I Bet That made *Amy *fell Good...Im a let *Hick *Bring in His B.S. meter..



Take care and smell good


----------



## Dr.Drow (Sep 27, 2011)

Lmao she got what I call Treated. Doubt it woulda rubed off unless u inclosed her in a box with ur buds 24 hrs+ but ya careful who u tell about your little secret. I get majorly paranoid if ppl find out about my hobby and I'm legal, to bad the law dosent mean s#~+ to some folks and females will get jelous, they won't call the law when you piss them off they cut your girls right down.


----------



## Lemon Jack (Sep 27, 2011)

:yeahthat:

You really bring a girl home and the first thing you tell her is you grow pot. .. . . .  Good luck in your future.


----------



## Hick (Sep 27, 2011)

:confused2:.. preposterous
...."possibly"..IF both were confined to a very small area (shoe box) for an extended period of time (days)... 
that said, my X uses copious amounts of some "musk". I can smell her for two blocks, and it produces a reaction similar to nekked pictures of Janet Reno....


----------



## KBM (Sep 27, 2011)

Im confused to what your post means. A good smelling lady came over and you asked her to leave because you were afraid she would taint the smell of your drying buds??? I doubt it unless you stuck her in the mason jar with the nugs to cure.


----------



## ston-loc (Sep 27, 2011)

Hick said:
			
		

> :confused2:.. preposterous
> ...."possibly"..IF both were confined to a very small area (shoe box) for an extended period of time (days)...
> that said, my X uses copious amounts of some "musk". I can smell her for two blocks, and it produces a reaction similar to nekked pictures of Janet Reno....



:rofl:


----------



## bho_expertz (Sep 27, 2011)

Honestly FUM ... First you bang and only after you show the exit :doh:


----------



## Rosebud (Sep 27, 2011)

Hick said:
			
		

> :confused2:.. preposterous
> ...."possibly"..IF both were confined to a very small area (shoe box) for an extended period of time (days)...
> that said, my X uses copious amounts of some "musk". I can smell her for two blocks, and it produces a reaction similar to nekked pictures of Janet Reno....

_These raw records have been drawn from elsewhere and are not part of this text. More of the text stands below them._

(* Let $N\ge3$ be an integer and consider the equation $$-w''+(N-2)w'+(N-1)w=\frac{1}{3}\binom{N-1}{2}w^3 .$$ Then: (D) the only $w\in C^2([0,\infty))$ solving it on $[0,\infty)$ with $w(0)=0$ and $\lim_{t\to\infty}w(t)=0$ is $w\equiv0$; (Nav) the only $w\in C^2([0,\infty))$ solving it on $[0,\infty)$ with $w'(0)-(N-1)w(0)=0$ and $\lim_{t\to\infty}w(t)=0$ is $w\equiv0$; (E) the only $w\in C^2(\mathbb{R})$ solving it on $\mathbb{R}$ with $\lim_{t\to\pm\infty}w(t)=0$ is $w\equiv0$.
   Context: These are the radial Dirichlet, Navier and entire problems for $\Delta^2u=-S_3[u]$ ($S_3$ the third elementary symmetric polynomial of the Hessian eigenvalues), i.e. $k=3$, $\lambda=0$, obtained via $v=u'$, $w(t)=-v(e^{-t})$. *)

theory Defs
  imports "HOL-Analysis.Analysis"
begin

definition C2_on :: "real set \<Rightarrow> (real \<Rightarrow> real) \<Rightarrow> (real \<Rightarrow> real) \<Rightarrow> (real \<Rightarrow> real) \<Rightarrow> bool" where
  "C2_on S w w1 w2 \<longleftrightarrow>
     (\<forall>t\<in>S. (w has_real_derivative w1 t) (at t within S) \<and>
             (w1 has_real_derivative w2 t) (at t within S)) \<and>
     continuous_on S w2"

definition ode_at :: "nat \<Rightarrow> (real \<Rightarrow> real) \<Rightarrow> (real \<Rightarrow> real) \<Rightarrow> (real \<Rightarrow> real) \<Rightarrow> real \<Rightarrow> bool" where
  "ode_at N w w1 w2 t \<longleftrightarrow>
     - w2 t + (real N - 2) * w1 t + (real N - 1) * w t
       = (1/3) * real ((N - 1) choose 2) * (w t) ^ 3"

end

theory Submission
  imports Defs
begin

text \<open>Writing the equation as \<open>w'' = \<alpha> w' + \<beta> w - \<gamma> w\<^sup>3\<close> with \<open>\<alpha> = N - 2 > 0\<close>,
  \<open>\<beta> = N - 1 \<ge> 0\<close> and \<open>\<gamma> > 0\<close>, the energy \<open>E = w'\<^sup>2/2 - \<beta> w\<^sup>2/2 + \<gamma> w\<^sup>4/4\<close> satisfies
  \<open>E' = \<alpha> w'\<^sup>2 \<ge> 0\<close>. If \<open>w \<rightarrow> 0\<close> at \<open>+\<infinity>\<close>, then \<open>E \<le> 0\<close> everywhere: a positive value
  of \<open>E\<close> would persist and keep \<open>|w'|\<close> bounded away from zero while \<open>w\<close> is small,
  which is impossible. Both boundary conditions, and decay at \<open>-\<infinity>\<close> on the whole line,
  force \<open>E \<ge> 0\<close> at the left end. Hence \<open>E\<close> vanishes identically, so \<open>w' = 0\<close>, and \<open>w\<close>
  is a constant tending to \<open>0\<close>.\<close>

lemma has_real_derivative_at_of_within_atLeast:
  assumes "(f has_real_derivative D) (at t within {a..})" and "a < t"
  shows "(f has_real_derivative D) (at t)"
proof -
  have "(f has_real_derivative D) (at t within {a<..})"
    using assms(1) by (rule has_field_derivative_subset) auto
  moreover have "at t within {a<..} = at t"
    using assms(2) by (intro at_within_open) auto
  ultimately show ?thesis by simp
qed

lemma mvt_atLeast:
  fixes f f' :: "real \<Rightarrow> real"
  assumes "\<And>t. t \<ge> a \<Longrightarrow> (f has_real_derivative f' t) (at t within {a..})"
    and "a \<le> x" and "x < y"
  shows "\<exists>z\<in>{x<..<y}. f y - f x = (y - x) * f' z"
proof -
  have "(f has_derivative (*) (f' z)) (at z within {x..y})" if "x \<le> z" for z
  proof (rule has_field_derivative_imp_has_derivative)
    have "a \<le> z" and "{x..y} \<subseteq> {a..}"
      using \<open>a \<le> x\<close> that by auto
    then show "(f has_real_derivative f' z) (at z within {x..y})"
      using assms(1) has_field_derivative_subset by blast
  qed
  then obtain z where "z \<in> {x<..<y}" "f y - f x = f' z * (y - x)"
    using mvt_simple[OF \<open>x < y\<close>, where f = f and f' = "\<lambda>z. (*) (f' z)"] by blast
  then show ?thesis by (metis mult.commute)
qed

text \<open>A function with \<open>w'\<^sup>2 \<ge> \<delta> > 0\<close> on a half-line moves by at least \<open>2\<close> on an
  interval of length \<open>2/\<surd>\<delta>\<close>, so it cannot stay in \<open>(-1, 1)\<close>.\<close>

lemma not_tendsto_zero_if_derivative_bounded_away:
  assumes deriv: "\<And>t. t \<ge> a \<Longrightarrow> (w has_real_derivative w1 t) (at t within {a..})"
    and "\<delta> > 0" and bound: "\<And>t. t \<ge> a \<Longrightarrow> \<delta> \<le> w1 t ^ 2"
  shows "\<not> (w \<longlongrightarrow> 0) at_top"
proof
  assume "(w \<longlongrightarrow> 0) at_top"
  then have "eventually (\<lambda>s. norm (w s) < 1) at_top"
    by (intro order_tendstoD(2)[OF tendsto_norm_zero]) auto
  then obtain T where small: "\<And>s. s \<ge> T \<Longrightarrow> \<bar>w s\<bar> < 1"
    by (auto simp: eventually_at_top_linorder)
  define T' where "T' = max T a"
  define k where "k = 2 / sqrt \<delta>"
  have "k > 0" and k2: "k ^ 2 * \<delta> = 4"
    using \<open>\<delta> > 0\<close> by (simp_all add: k_def power_divide)
  obtain z where "z > T'" and z: "w (T' + k) - w T' = k * w1 z"
    using mvt_atLeast[OF deriv, of T' "T' + k"] \<open>k > 0\<close> by (auto simp: T'_def)
  have "\<delta> \<le> w1 z ^ 2"
    using bound \<open>z > T'\<close> by (simp add: T'_def)
  then have "4 \<le> k ^ 2 * w1 z ^ 2"
    using mult_left_mono[of \<delta> "w1 z ^ 2" "k ^ 2"] k2 by simp
  also have "\<dots> = (w (T' + k) - w T') ^ 2"
    by (simp add: z power_mult_distrib)
  also have "\<dots> < 2 ^ 2"
  proof -
    have "\<bar>w T'\<bar> < 1" and "\<bar>w (T' + k)\<bar> < 1"
      using small \<open>k > 0\<close> by (simp_all add: T'_def)
    then have "\<bar>w (T' + k) - w T'\<bar> < 2"
      by linarith
    then have "\<bar>w (T' + k) - w T'\<bar> ^ 2 < 2 ^ 2"
      by (intro power_strict_mono) auto
    then show ?thesis by simp
  qed
  finally show False by simp
qed

lemma C2_on_subset:
  assumes "C2_on T w w1 w2" and "S \<subseteq> T"
  shows "C2_on S w w1 w2"
  using assms unfolding C2_on_def
  by (auto intro: has_field_derivative_subset continuous_on_subset)

definition energy :: "real \<Rightarrow> real \<Rightarrow> (real \<Rightarrow> real) \<Rightarrow> (real \<Rightarrow> real) \<Rightarrow> real \<Rightarrow> real" where
  "energy \<beta> \<gamma> w w1 t = w1 t ^ 2 / 2 - \<beta> * w t ^ 2 / 2 + \<gamma> * w t ^ 4 / 4"

context
  fixes \<alpha> \<beta> \<gamma> a :: real and w w1 w2 :: "real \<Rightarrow> real"
  assumes C2: "C2_on {a..} w w1 w2"
    and ode: "\<And>t. t \<ge> a \<Longrightarrow> w2 t = \<alpha> * w1 t + \<beta> * w t - \<gamma> * w t ^ 3"
begin

lemma has_derivative_w:
  "t \<ge> a \<Longrightarrow> (w has_real_derivative w1 t) (at t within {a..})"
  using C2 unfolding C2_on_def by auto

lemma energy_has_derivative:
  assumes "t \<ge> a"
  shows "(energy \<beta> \<gamma> w w1 has_real_derivative \<alpha> * w1 t ^ 2) (at t within {a..})"
proof -
  have w1': "(w1 has_real_derivative w2 t) (at t within {a..})"
    using C2 assms unfolding C2_on_def by auto
  show ?thesis
    unfolding energy_def[abs_def]
    by (rule derivative_eq_intros has_derivative_w[OF assms] w1' refl | simp)+
       (simp add: ode[OF assms] algebra_simps power2_eq_square power3_eq_cube)
qed

lemma energy_mono:
  assumes "\<alpha> \<ge> 0" and "a \<le> x" and "x \<le> y"
  shows "energy \<beta> \<gamma> w w1 x \<le> energy \<beta> \<gamma> w w1 y"
proof (cases "x = y")
  case False
  with \<open>x \<le> y\<close> have "x < y" by simp
  then obtain z where "energy \<beta> \<gamma> w w1 y - energy \<beta> \<gamma> w w1 x = (y - x) * (\<alpha> * w1 z ^ 2)"
    using mvt_atLeast[OF energy_has_derivative \<open>a \<le> x\<close>] by blast
  moreover have "(y - x) * (\<alpha> * w1 z ^ 2) \<ge> 0"
    using assms by simp
  ultimately show ?thesis by linarith
qed simp

text \<open>If \<open>E(t) = \<delta> > 0\<close>, then eventually \<open>\<gamma> w\<^sup>4/4 < \<delta>/2\<close>, and monotonicity of \<open>E\<close>
  together with \<open>\<beta> \<ge> 0\<close> gives \<open>w'\<^sup>2 \<ge> \<delta>\<close> from then on.\<close>

lemma energy_nonpos_if_tendsto_zero:
  assumes "\<alpha> \<ge> 0" and "\<beta> \<ge> 0" and lim: "(w \<longlongrightarrow> 0) at_top" and "t \<ge> a"
  shows "energy \<beta> \<gamma> w w1 t \<le> 0"
proof (rule ccontr)
  define \<delta> where "\<delta> = energy \<beta> \<gamma> w w1 t"
  assume "\<not> energy \<beta> \<gamma> w w1 t \<le> 0"
  then have "\<delta> > 0" by (simp add: \<delta>_def)
  have "((\<lambda>s. \<gamma> * w s ^ 4 / 4) \<longlongrightarrow> \<gamma> * 0 ^ 4 / 4) at_top"
    by (intro tendsto_intros lim) simp
  then have "eventually (\<lambda>s. \<gamma> * w s ^ 4 / 4 < \<delta> / 2) at_top"
    using \<open>\<delta> > 0\<close> by (intro order_tendstoD) auto
  then obtain T where T: "\<And>s. s \<ge> T \<Longrightarrow> \<gamma> * w s ^ 4 / 4 < \<delta> / 2"
    by (auto simp: eventually_at_top_linorder)
  define T' where "T' = max T t"
  have "\<delta> \<le> w1 s ^ 2" if "s \<ge> T'" for s
  proof -
    have "t \<le> s" and "T \<le> s"
      using that by (simp_all add: T'_def)
    then have "\<delta> \<le> w1 s ^ 2 / 2 - \<beta> * w s ^ 2 / 2 + \<gamma> * w s ^ 4 / 4"
      using energy_mono[OF \<open>\<alpha> \<ge> 0\<close> \<open>t \<ge> a\<close>] by (simp add: \<delta>_def energy_def)
    moreover have "\<beta> * w s ^ 2 \<ge> 0"
      using \<open>\<beta> \<ge> 0\<close> by simp
    ultimately show ?thesis
      using T[OF \<open>T \<le> s\<close>] by linarith
  qed
  moreover have "(w has_real_derivative w1 s) (at s within {T'..})" if "s \<ge> T'" for s
  proof -
    have "a \<le> s" and "{T'..} \<subseteq> {a..}"
      using that \<open>t \<ge> a\<close> by (auto simp: T'_def)
    then show ?thesis
      using has_derivative_w has_field_derivative_subset by blast
  qed
  ultimately show False
    using not_tendsto_zero_if_derivative_bounded_away \<open>\<delta> > 0\<close> lim by blast
qed

lemma zero_if_energy_nonneg_at_start:
  assumes "\<alpha> > 0" and "\<beta> \<ge> 0" and lim: "(w \<longlongrightarrow> 0) at_top"
    and start: "energy \<beta> \<gamma> w w1 a \<ge> 0" and "t \<ge> a"
  shows "w t = 0"
proof -
  have energy_zero: "energy \<beta> \<gamma> w w1 s = 0" if "s \<ge> a" for s
    using energy_nonpos_if_tendsto_zero[OF _ \<open>\<beta> \<ge> 0\<close> lim that]
      energy_mono[of a s] \<open>\<alpha> > 0\<close> that start by fastforce
  have w1_zero: "w1 s = 0" if "s > a" for s
  proof -
    have "(energy \<beta> \<gamma> w w1 has_real_derivative \<alpha> * w1 s ^ 2) (at s)"
      using has_real_derivative_at_of_within_atLeast[OF energy_has_derivative] that by simp
    then have "\<alpha> * w1 s ^ 2 = 0"
      by (rule DERIV_local_const[of _ _ _ "s - a"]) (use that energy_zero in auto)
    then show ?thesis using \<open>\<alpha> > 0\<close> by simp
  qed
  have "eventually (\<lambda>s. w s = w t) at_top"
  proof (rule eventually_at_top_linorderI[of "t + 1"])
    fix s assume "s \<ge> t + 1"
    then show "w s = w t"
      using mvt_atLeast[OF has_derivative_w \<open>t \<ge> a\<close>, of s] w1_zero \<open>t \<ge> a\<close> by force
  qed
  then have "((\<lambda>s::real. w t) \<longlongrightarrow> 0) at_top"
    using lim tendsto_cong by force
  then show ?thesis by (simp add: tendsto_const_iff)
qed

end

lemma energy_nonneg_if_tendsto_zero_at_bot:
  assumes C2: "C2_on UNIV w w1 w2"
    and ode: "\<And>t. w2 t = \<alpha> * w1 t + \<beta> * w t - \<gamma> * w t ^ 3"
    and "\<alpha> \<ge> 0" and "\<gamma> \<ge> 0" and lim: "(w \<longlongrightarrow> 0) at_bot"
  shows "energy \<beta> \<gamma> w w1 s \<ge> 0"
proof (rule tendsto_upperbound)
  have "((\<lambda>r. - (\<beta> * w r ^ 2 / 2)) \<longlongrightarrow> - (\<beta> * 0 ^ 2 / 2)) at_bot"
    by (intro tendsto_intros lim) simp
  then show "((\<lambda>r. - (\<beta> * w r ^ 2 / 2)) \<longlongrightarrow> 0) at_bot"
    by simp
  have "- (\<beta> * w r ^ 2 / 2) \<le> energy \<beta> \<gamma> w w1 s" if "r \<le> s" for r
  proof -
    have "C2_on {r..} w w1 w2"
      using C2 by (rule C2_on_subset) simp
    then have "energy \<beta> \<gamma> w w1 r \<le> energy \<beta> \<gamma> w w1 s"
      using energy_mono ode \<open>\<alpha> \<ge> 0\<close> that by blast
    moreover have "- (\<beta> * w r ^ 2 / 2) \<le> energy \<beta> \<gamma> w w1 r"
      using \<open>\<gamma> \<ge> 0\<close> unfolding energy_def by simp
    ultimately show ?thesis by linarith
  qed
  then show "eventually (\<lambda>r. - (\<beta> * w r ^ 2 / 2) \<le> energy \<beta> \<gamma> w w1 s) at_bot"
    by (auto simp: eventually_at_bot_linorder)
qed simp_all

lemma ode_at_iff:
  "ode_at N w w1 w2 t \<longleftrightarrow>
     w2 t = (real N - 2) * w1 t + (real N - 1) * w t - real ((N - 1) choose 2) / 3 * w t ^ 3"
  unfolding ode_at_def by (auto simp: algebra_simps)

theorem theorem5p1:
  fixes N :: nat
  assumes "N \<ge> 3"
  shows
   "(\<forall>w w1 w2. C2_on {0..} w w1 w2 \<and> (\<forall>t\<ge>0. ode_at N w w1 w2 t) \<and>
        w 0 = 0 \<and> (w \<longlongrightarrow> 0) at_top \<longrightarrow> (\<forall>t\<ge>0. w t = 0))
  \<and> (\<forall>w w1 w2. C2_on {0..} w w1 w2 \<and> (\<forall>t\<ge>0. ode_at N w w1 w2 t) \<and>
        w1 0 - (real N - 1) * w 0 = 0 \<and> (w \<longlongrightarrow> 0) at_top \<longrightarrow> (\<forall>t\<ge>0. w t = 0))
  \<and> (\<forall>w w1 w2. C2_on UNIV w w1 w2 \<and> (\<forall>t. ode_at N w w1 w2 t) \<and>
        (w \<longlongrightarrow> 0) at_top \<and> (w \<longlongrightarrow> 0) at_bot \<longrightarrow> (\<forall>t. w t = 0))"
proof -
  define \<alpha> \<beta> \<gamma> where "\<alpha> = real N - 2" and "\<beta> = real N - 1"
    and "\<gamma> = real ((N - 1) choose 2) / 3"
  have signs: "\<alpha> > 0" "\<beta> \<ge> 1" "\<gamma> \<ge> 0"
    using assms by (auto simp: \<alpha>_def \<beta>_def \<gamma>_def)
  have zero: "w t = 0"
    if "C2_on {a..} w w1 w2" "\<forall>s\<ge>a. w2 s = \<alpha> * w1 s + \<beta> * w s - \<gamma> * w s ^ 3"
      "(w \<longlongrightarrow> 0) at_top" "energy \<beta> \<gamma> w w1 a \<ge> 0" "t \<ge> a"
    for a t :: real and w w1 w2 :: "real \<Rightarrow> real"
    by (rule zero_if_energy_nonneg_at_start[OF that(1)]) (use that signs in auto)
  have navier_energy: "energy \<beta> \<gamma> w w1 0 = \<beta> * (\<beta> - 1) * w 0 ^ 2 / 2 + \<gamma> * w 0 ^ 4 / 4"
    if "w1 0 = \<beta> * w 0" for w w1 :: "real \<Rightarrow> real"
    unfolding energy_def that by (simp add: power2_eq_square field_simps)
  show ?thesis
    unfolding ode_at_iff \<alpha>_def[symmetric] \<beta>_def[symmetric] \<gamma>_def[symmetric]
  proof (intro conjI allI impI)
    fix w w1 w2 :: "real \<Rightarrow> real" and t :: real
    show "w t = 0" if "C2_on {0..} w w1 w2 \<and> (\<forall>t\<ge>0. w2 t = \<alpha> * w1 t + \<beta> * w t - \<gamma> * w t ^ 3)
      \<and> w 0 = 0 \<and> (w \<longlongrightarrow> 0) at_top" and "t \<ge> 0"
      using zero[of 0 w w1 w2 t] that by (simp add: energy_def)
    show "w t = 0" if "C2_on {0..} w w1 w2 \<and> (\<forall>t\<ge>0. w2 t = \<alpha> * w1 t + \<beta> * w t - \<gamma> * w t ^ 3)
      \<and> w1 0 - \<beta> * w 0 = 0 \<and> (w \<longlongrightarrow> 0) at_top" and "t \<ge> 0"
      using zero[of 0 w w1 w2 t] that signs navier_energy[of w1 w] by simp
    show "w t = 0" if "C2_on UNIV w w1 w2 \<and> (\<forall>t. w2 t = \<alpha> * w1 t + \<beta> * w t - \<gamma> * w t ^ 3)
      \<and> (w \<longlongrightarrow> 0) at_top \<and> (w \<longlongrightarrow> 0) at_bot"
      using zero[of t w w1 w2 t] energy_nonneg_if_tendsto_zero_at_bot[of w w1 w2 \<alpha> \<beta> \<gamma>]
        C2_on_subset[of UNIV w w1 w2 "{t..}"] that signs by simp
  qed
qed

end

:rofl::rofl::rofl: that is funny right there.


----------



## tcbud (Sep 27, 2011)

And I always thought it was carrying around your reefer in your stinky parfumey purse that made your reefer smell/taste like old toilet water bottles.

I think you owe her an apology.


----------



## Hick (Sep 28, 2011)

tcbud said:
			
		

> And I always thought it was carrying around your reefer in your stinky parfumey purse that made your reefer smell/taste like old toilet water bottles.
> 
> I think you owe her an apology.



the absolute worst thing, must be those drier sheets... they DO permeate the product when used to 'mask' the odors in transport.


----------



## Roddy (Sep 28, 2011)

Put the bong down and back away....slowly, so as not to hurt yourself! :rofl: :rofl:


----------



## Dr.Drow (Sep 28, 2011)

Hick said:
			
		

> the absolute worst thing, must be those drier sheets... they DO permeate the product when used to 'mask' the odors in transport.


 ewww yes, ive tryed masking the odor via dryer sheets before. HUGE mistake, putting buds in direct contact with dryer sheets does more then mask the odor. it magicly transforms your perfectly good meds into some unknown herb that I would never smoke again in, fear of causing irreversable damage to my lungs.


----------